• _WHAT THIS TASK INVOLVES_:
Look for the line that has "(auto simp: active_sites_def)" in the material below; please repeat it and every line after it, exactly, up to and including the line that has "proof (intro conjI allI)", and nothing else.

• _THE DATA_:
lemma poly_growthE:
  assumes "poly_growth f"
  obtains C k where "C \<ge> 0" "\<And>t. t \<ge> 0 \<Longrightarrow> norm (f t) \<le> C * (1 + t) ^ k"
proof -
  obtain C k where bound: "\<And>t. t \<ge> 0 \<Longrightarrow> norm (f t) \<le> C * (1 + t) ^ k"
    using assms unfolding poly_growth_def by blast
  have "C \<ge> 0" using bound[of 0] by (simp add: order_trans[OF norm_ge_zero])
  with bound that show ?thesis by blast
qed

lemma poly_growth_continuous_on: "poly_growth f \<Longrightarrow> continuous_on {0..} f"
  unfolding poly_growth_def by blast

lemma poly_growth_const: "poly_growth (\<lambda>t. c)"
  by (rule poly_growthI[where C = "norm c" and k = 0]) auto

lemma poly_growth_of_real: "poly_growth (\<lambda>t. of_real t)"
  by (rule poly_growthI[where C = 1 and k = 1]) (auto intro!: continuous_intros)

lemma poly_growth_add:
  assumes "poly_growth f" "poly_growth g"
  shows "poly_growth (\<lambda>t. f t + g t)"
proof -
  obtain C1 k1 where C1: "C1 \<ge> 0" "\<And>t. t \<ge> 0 \<Longrightarrow> norm (f t) \<le> C1 * (1 + t) ^ k1"
    using assms(1) by (elim poly_growthE) blast
  obtain C2 k2 where C2: "C2 \<ge> 0" "\<And>t. t \<ge> 0 \<Longrightarrow> norm (g t) \<le> C2 * (1 + t) ^ k2"
    using assms(2) by (elim poly_growthE) blast
  show ?thesis
  proof (rule poly_growthI[where C = "C1 + C2" and k = "k1 + k2"])
    show "continuous_on {0..} (\<lambda>t. f t + g t)"
      using assms by (intro continuous_intros poly_growth_continuous_on)
    fix t :: real assume t: "t \<ge> 0"
    have "(1 + t) ^ k1 \<le> (1 + t) ^ (k1 + k2)" "(1 + t) ^ k2 \<le> (1 + t) ^ (k1 + k2)"
      using t by (auto intro!: power_increasing)
    then have "C1 * (1 + t) ^ k1 + C2 * (1 + t) ^ k2 \<le> (C1 + C2) * (1 + t) ^ (k1 + k2)"
      using C1(1) C2(1) by (simp add: distrib_right add_mono mult_left_mono)
    moreover have "norm (f t + g t) \<le> C1 * (1 + t) ^ k1 + C2 * (1 + t) ^ k2"
      using C1(2)[OF t] C2(2)[OF t] norm_triangle_ineq[of "f t" "g t"] by linarith
    ultimately show "norm (f t + g t) \<le> (C1 + C2) * (1 + t) ^ (k1 + k2)" by linarith
  qed
qed
lemma modasc_fishburn_root:
  "image_mset modasc_label (mset_set {x. modasc x \<and> length x = 1}) =
   image_mset fishburn_label (mset_set {x. set x = {1..1} \<and> length x = 1 \<and> \<not> contains_f x})"
proof -
  have "{x. modasc x \<and> length x = 1} = {[1]}"
    using modasc.one by (auto simp: length_Suc_conv dest: modasc_imp_cay_ascent_tops_new)
  moreover have "{x. set x = {1..1} \<and> length x = 1 \<and> \<not> contains_f x} = {[1]}"
    by (auto simp: length_Suc_conv contains_f_def)
  moreover have "active_sites [1] = {0, 1}" by (auto simp: active_sites_def)
  moreover have "{s \<in> {0, 1}. length [1::nat] \<notin> set (take s [1])} = {0}" by auto
  ultimately show ?thesis
    by (simp add: modasc_label_def fishburn_label_def asc_def)
qed

theorem theorem7p3:
  shows "{x. modasc x} = {x. is_cay x \<and> \<not> contains_a x \<and> \<not> contains_b x}
    \<and> (\<forall>n. card {x. is_cay x \<and> length x = n \<and> \<not> contains_a x \<and> \<not> contains_b x}
             = card {x. is_cay x \<and> length x = n \<and> distinct x \<and> \<not> contains_f x})"
proof (intro conjI allI)
  show "{x. modasc x} = {x. is_cay x \<and> \<not> contains_a x \<and> \<not> contains_b x}"
    using modasc_iff_avoids by blast
  fix n
  have "{x. is_cay x \<and> length x = n \<and> \<not> contains_a x \<and> \<not> contains_b x} =
      {x. modasc x \<and> length x = n}"
    using modasc_iff_avoids by blast
  moreover have "card {x. modasc x \<and> length x = n} =
      card {x. set x = {1..n} \<and> length x = n \<and> \<not> contains_f x}"
  proof (cases "n = 0")
    case True
    have "{x. modasc x \<and> length x = 0} = {[]}"
      "{x. set x = {1..0} \<and> length x = 0 \<and> \<not> contains_f x} = {[]}"
      by (auto simp: modasc.empty contains_f_def)
    with True show ?thesis by simp
  next
    case False
    then show ?thesis
      using generating_tree_card_eq[OF modasc_generating_tree fishburn_generating_tree
          modasc_fishburn_root] by simp
  qed
  ultimately show "card {x. is_cay x \<and> length x = n \<and> \<not> contains_a x \<and> \<not> contains_b x}
      = card {x. is_cay x \<and> length x = n \<and> distinct x \<and> \<not> contains_f x}"
    by (simp add: fishburn_level_eq)
qed

end
(* If $n\ge1$, $m>0$ and $(n,m)\neq(1,1)$, then $|A_{n,m}|=4n$.
   Context: The Yoke graph $Y_{n,m}$ has vertices the tuples $v=(v_0,\dots,v_{m+1})$ with $v_0,v_{m+1}\in\mathbb{Z}_n$, $v_1,\dots,v_m\in\{0,1\}$, $\sum v_i\equiv0\pmod n$; $u\sim v$ iff there is $0\le i\le m$ with $u_j=v_j$ for $j\notin\{i,i+1\}$ and either ($u_i=v_i+1$, $u_{i+1}=v_{i+1}-1$) or ($u_i=v_i-1$, $u_{i+1}=v_{i+1}+1$), buckets mod $n$. Define automorphisms (bucket entries mod $n$): $\varphi(v_0,v_1,\dots,v_m,v_{m+1})=(v_0+1,v_1,\dots,v_m,v_{m+1}-1)$; $\psi(v_0,\dots,v_{m+1})=(v_{m+1},v_m,\dots,v_1,v_0)$; $\tau(v_0,v_1,\dots,v_m,v_{m+1})=(-v_0,1-v_1,\dots,1-v_m,-(m+v_{m+1}))$. $A_{n,m}$ is the subgroup of $\operatorname{Aut}(Y_{n,m})$ generated by $\varphi,\psi,\tau$. *)

theory Defs
  imports "HOL-Algebra.Bij" "HOL-Algebra.Generated_Groups"
begin

text \<open>Vertices of the Yoke graph Y(n,m): integer lists v = [v_0, ..., v_(m+1)]
  of length m+2; the buckets v_0 and v_(m+1) are residues mod n represented by
  their canonical representatives in {0..<n}; the middle entries are bits.\<close>

definition yoke_V :: "nat \<Rightarrow> nat \<Rightarrow> int list set" where
  "yoke_V n m = {v. length v = m + 2
      \<and> v ! 0 \<in> {0..<int n} \<and> v ! (m+1) \<in> {0..<int n}
      \<and> (\<forall>i\<in>{1..m}. v ! i \<in> {0, 1})
      \<and> sum_list v mod int n = 0}"

definition yoke_entry_eq :: "nat \<Rightarrow> nat \<Rightarrow> nat \<Rightarrow> int \<Rightarrow> int \<Rightarrow> bool" where
  "yoke_entry_eq n m i a b = (if i = 0 \<or> i = m + 1 then a mod int n = b mod int n else a = b)"
lemma AE_eq_0_if_Lp_pow_eq_0:
  fixes f :: "'a \<Rightarrow> 'v::{banach, second_countable_topology}"
  assumes f: "f \<in> borel_measurable M" and p: "p > 0" and z: "Lp_pow M p f = 0"
  shows "AE x in M. f x = 0"
proof -
  have "(\<lambda>x. ennreal (norm (f x) powr p)) \<in> borel_measurable M" using f by measurable
  then have "AE x in M. ennreal (norm (f x) powr p) = 0"
    using z unfolding Lp_pow_def by (simp add: nn_integral_0_iff_AE)
  then show ?thesis by eventually_elim (use p in simp)
qed

lemma memLp_diff:
  fixes f g :: "'a \<Rightarrow> 'v::{banach, second_countable_topology}"
  assumes "memLp M p f" "memLp M p g" "p > 0"
  shows "memLp M p (\<lambda>x. f x - g x)"
proof -
  have f: "f \<in> borel_measurable M" "Lp_pow M p f < \<infinity>" and g: "g \<in> borel_measurable M" "Lp_pow M p g < \<infinity>"
    using assms memLp_iff_Lp_pow by auto
  have "ennreal (2 powr p) * (Lp_pow M p f + Lp_pow M p g) < \<infinity>"
    using f g by (simp add: ennreal_mult_less_top less_top)
  then show ?thesis
    using Lp_pow_diff_le[OF f(1) g(1) assms(3)] f g by (auto simp: memLp_iff_Lp_pow)
qed

lemma memLp_scaleR:
  fixes f :: "'a \<Rightarrow> 'v::{banach, second_countable_topology}"
  assumes "memLp M p f" "p > 0"
  shows "memLp M p (\<lambda>x. c *\<^sub>R f x)"
proof -
  have f: "f \<in> borel_measurable M" "Lp_pow M p f < \<infinity>" using assms memLp_iff_Lp_pow by auto
  then show ?thesis using assms(2) by (auto simp: memLp_iff_Lp_pow Lp_pow_scaleR ennreal_mult_less_top less_top)
qed

lemma norm_suminf_powr_le:
  fixes v :: "nat \<Rightarrow> 'v::banach"
  assumes p: "p > 0" and summable: "summable (\<lambda>j. (2 powr p) ^ j * norm (v j) powr p)"
  shows "summable (\<lambda>j. norm (v j))"
    and "norm (\<Sum>j. v j) powr p \<le> 2 powr p * (\<Sum>j. (2 powr p) ^ j * norm (v j) powr p)"
proof -
  define R where "R = (\<Sum>j. (2 powr p) ^ j * norm (v j) powr p)"
  define m where "m = R powr (1/p)"
  have "R \<ge> 0" unfolding R_def by (intro suminf_nonneg summable) simp
  have bound: "norm (v j) \<le> m * (1/2) ^ j" for j
  proof -
    have "(2 powr p) ^ j * norm (v j) powr p \<le> R"
      unfolding R_def using sum_le_suminf[OF summable, of "{j}"] by simp
    moreover have "(2 powr p) ^ j = ((2::real) ^ j) powr p"
    proof -
      have "(2::real) ^ j = 2 powr real j" by (simp add: powr_realpow)
      then show ?thesis by (simp add: powr_powr powr_power mult.commute)
    qed
    ultimately have "(2 ^ j * norm (v j)) powr p \<le> R" by (simp add: powr_mult)
    then have "((2 ^ j * norm (v j)) powr p) powr (1/p) \<le> m"
      using p unfolding m_def by (intro powr_mono2) auto
    then have "2 ^ j * norm (v j) \<le> m" using p by (simp add: powr_powr)
    then show ?thesis by (simp add: field_simps)
  qed
  have geometric: "summable (\<lambda>j. m * (1/2::real) ^ j)" by (intro summable_mult summable_geometric) simp
  show summable_v: "summable (\<lambda>j. norm (v j))"
    by (rule summable_comparison_test[OF _ geometric]) (use bound in auto)
  have "norm (\<Sum>j. v j) \<le> (\<Sum>j. norm (v j))" by (rule summable_norm[OF summable_v])
  also have "\<dots> \<le> (\<Sum>j. m * (1/2) ^ j)" by (rule suminf_le[OF bound summable_v geometric])
  also have "\<dots> = m * 2" by (simp add: suminf_mult[OF summable_geometric] suminf_geometric)
  finally have "norm (\<Sum>j. v j) powr p \<le> (m * 2) powr p" using p by (intro powr_mono2) auto
  also have "\<dots> = 2 powr p * R" using \<open>R \<ge> 0\<close> p by (simp add: powr_mult m_def powr_powr mult.commute)
  finally show "norm (\<Sum>j. v j) powr p \<le> 2 powr p * R" .
qed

• _EXERCISE OUTPUT_:
  moreover have "active_sites [1] = {0, 1}" by (auto simp: active_sites_def)
  moreover have "{s \<in> {0, 1}. length [1::nat] \<notin> set (take s [1])} = {0}" by auto
  ultimately show ?thesis
    by (simp add: modasc_label_def fishburn_label_def asc_def)
qed

theorem theorem7p3:
  shows "{x. modasc x} = {x. is_cay x \<and> \<not> contains_a x \<and> \<not> contains_b x}
    \<and> (\<forall>n. card {x. is_cay x \<and> length x = n \<and> \<not> contains_a x \<and> \<not> contains_b x}
             = card {x. is_cay x \<and> length x = n \<and> distinct x \<and> \<not> contains_f x})"
proof (intro conjI allI)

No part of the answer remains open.